The suggestion is controlled by the Settings > Search Results > Spellings checkbox. You can disable the Spelling preference to remove the suggestion (and other spelling suggestions).

https://www.mojeek.com/search?q=inurl%3Aindex+of&spell=0

In my personal correspondence, I originally raised the issue on February 13. But I don’t see a clear reply.
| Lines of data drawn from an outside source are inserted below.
(* Let $A$ be a two-dimensional evolution algebra over a field $\mathbb{K}$ with $\dim(A^2)=1$, $A^3\neq0$ and $(A^2)^2=0$. Then there is a natural basis $\{e,f\}$ of $A$ with $e^2=e-f$ and $f^2=-e+f$. The square of $A$ is $\mathfrak{D}_5$, and $A$ is not alternative.
   Context: An evolution algebra over $\mathbb{K}$ is a $\mathbb{K}$-algebra with a basis $\{e_i\}$ (natural basis) such that $e_ie_j=0$ for $i\neq j$. $A^2$ is the span of $\{xy: x,y\in A\}$, $A^3$ the span of $\{xy: x\in A,y\in A^2\}$, $(A^2)^2$ the span of $\{xy:x,y\in A^2\}$. For a natural basis $\{e_1,e_2\}$ with $e_1^2=\omega_{11}e_1+\omega_{21}e_2$, $e_2^2=\omega_{12}e_1+\omega_{22}e_2$, its pseudo-square is $\{L,T,R,D\}$-subset with $L,T,R,D$ present iff $\omega_{11},\omega_{12},\omega_{22},\omega_{21}$ respectively are nonzero; the square of $A$ is the set of pseudo-squares of all natural bases; $\mathfrak{D}_5=\{\{L,T,R,D\}\}$. $A$ is alternative if $x^2y=x(xy)$ and $yx^2=(yx)x$ for all $x,y\in A$. *)

theory Defs
  imports Complex_Main
begin

definition bilinear_mult :: "('k::field \<Rightarrow> 'a::ab_group_add \<Rightarrow> 'a) \<Rightarrow> ('a \<Rightarrow> 'a \<Rightarrow> 'a) \<Rightarrow> bool" where
  "bilinear_mult sc mult \<longleftrightarrow>
     (\<forall>x y z. mult (x + y) z = mult x z + mult y z) \<and>
     (\<forall>x y z. mult x (y + z) = mult x y + mult x z) \<and>
     (\<forall>c x y. mult (sc c x) y = sc c (mult x y)) \<and>
     (\<forall>c x y. mult x (sc c y) = sc c (mult x y))"

definition natural_basis2 :: "('k::field \<Rightarrow> 'a::ab_group_add \<Rightarrow> 'a) \<Rightarrow> ('a \<Rightarrow> 'a \<Rightarrow> 'a) \<Rightarrow> 'a \<Rightarrow> 'a \<Rightarrow> bool" where
  "natural_basis2 sc mult e f \<longleftrightarrow>
     e \<noteq> f \<and> \<not> module.dependent sc {e, f} \<and> module.span sc {e, f} = UNIV \<and>
     mult e f = 0 \<and> mult f e = 0"

definition evolution_algebra2 :: "('k::field \<Rightarrow> 'a::ab_group_add \<Rightarrow> 'a) \<Rightarrow> ('a \<Rightarrow> 'a \<Rightarrow> 'a) \<Rightarrow> bool" where
  "evolution_algebra2 sc mult \<longleftrightarrow>
     vector_space sc \<and> bilinear_mult sc mult \<and> vector_space.dim sc (UNIV :: 'a set) = 2 \<and>
     (\<exists>e f. natural_basis2 sc mult e f)"

definition alg_sq :: "('k::field \<Rightarrow> 'a::ab_group_add \<Rightarrow> 'a) \<Rightarrow> ('a \<Rightarrow> 'a \<Rightarrow> 'a) \<Rightarrow> 'a set" where
  "alg_sq sc mult = module.span sc {mult x y | x y. True}"

definition alg_cube :: "('k::field \<Rightarrow> 'a::ab_group_add \<Rightarrow> 'a) \<Rightarrow> ('a \<Rightarrow> 'a \<Rightarrow> 'a) \<Rightarrow> 'a set" where
  "alg_cube sc mult = module.span sc {mult x y | x y. y \<in> alg_sq sc mult}"

definition alg_sq_sq :: "('k::field \<Rightarrow> 'a::ab_group_add \<Rightarrow> 'a) \<Rightarrow> ('a \<Rightarrow> 'a \<Rightarrow> 'a) \<Rightarrow> 'a set" where
  "alg_sq_sq sc mult = module.span sc {mult x y | x y. x \<in> alg_sq sc mult \<and> y \<in> alg_sq sc mult}"

datatype letter = L | T | R | D

text \<open>Pseudo-square of the natural basis (e1,e2) = (e,f):
  e^2 = w11 e + w21 f, f^2 = w12 e + w22 f;
  L iff w11 \<noteq> 0, T iff w12 \<noteq> 0, R iff w22 \<noteq> 0, D iff w21 \<noteq> 0.\<close>

definition pseudo_square :: "('k::field \<Rightarrow> 'a::ab_group_add \<Rightarrow> 'a) \<Rightarrow> ('a \<Rightarrow> 'a \<Rightarrow> 'a) \<Rightarrow> 'a \<Rightarrow> 'a \<Rightarrow> letter set" where
  "pseudo_square sc mult e f =
     {s. case s of
          L \<Rightarrow> module.representation sc {e, f} (mult e e) e \<noteq> 0
        | T \<Rightarrow> module.representation sc {e, f} (mult f f) e \<noteq> 0
        | R \<Rightarrow> module.representation sc {e, f} (mult f f) f \<noteq> 0
        | D \<Rightarrow> module.representation sc {e, f} (mult e e) f \<noteq> 0}"

definition square_of :: "('k::field \<Rightarrow> 'a::ab_group_add \<Rightarrow> 'a) \<Rightarrow> ('a \<Rightarrow> 'a \<Rightarrow> 'a) \<Rightarrow> letter set set" where
  "square_of sc mult = {pseudo_square sc mult e f | e f. natural_basis2 sc mult e f}"

definition frakD5 :: "letter set set" where
  "frakD5 = {{L, T, R, D}}"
I don’t remember getting an official response about the added space.

At the time, I attributed the added space to ‘autocorrect’:

Also,

* autocorrect will ask you to revise your search to include a space
between allintext: and the terms;
* and it will incorrectly reverse the order: breaking the query.

```
allintext:incapable of site:merriam-webster.com
site:merriam-webster.com allintext: incapable of

```


Hopefully, you will get an official reply about the issues you raised.

Apologies that this one wasn’t picked up before; at the moment the combination of quotes and operators is not supported, and it’s a tough one for us as this sort of combination is normally a good sign of traffic being automated (this thread notwithstanding) so it’s quite a difficult thing to change.

On the spellcheck adding a space, I’m raising an issue for that and we’ll look into it - thanks for the submission :pray:

1 Like

might simply allowing such queries but with tighter rate-limiting/IP work?

Unfortunately this doesn’t fix the issue too well as they are using a massive pool of IP addresses when it comes to the kind of stuff this is built to prevent.

maybe a dumb idea, but what about using some JS to see how long it takes to key in the search terms for queries like this which are abused and if the time is < x ms then redirect to a verification page with a (self-hosted) captcha???

No such thing to us :smiley:

We normally like to work without JavaScript as much as we possibly can, but also a lot of the searches in question come from browser plugins/search bars or similar, and so they don’t type anything into the search box before arriving with a query.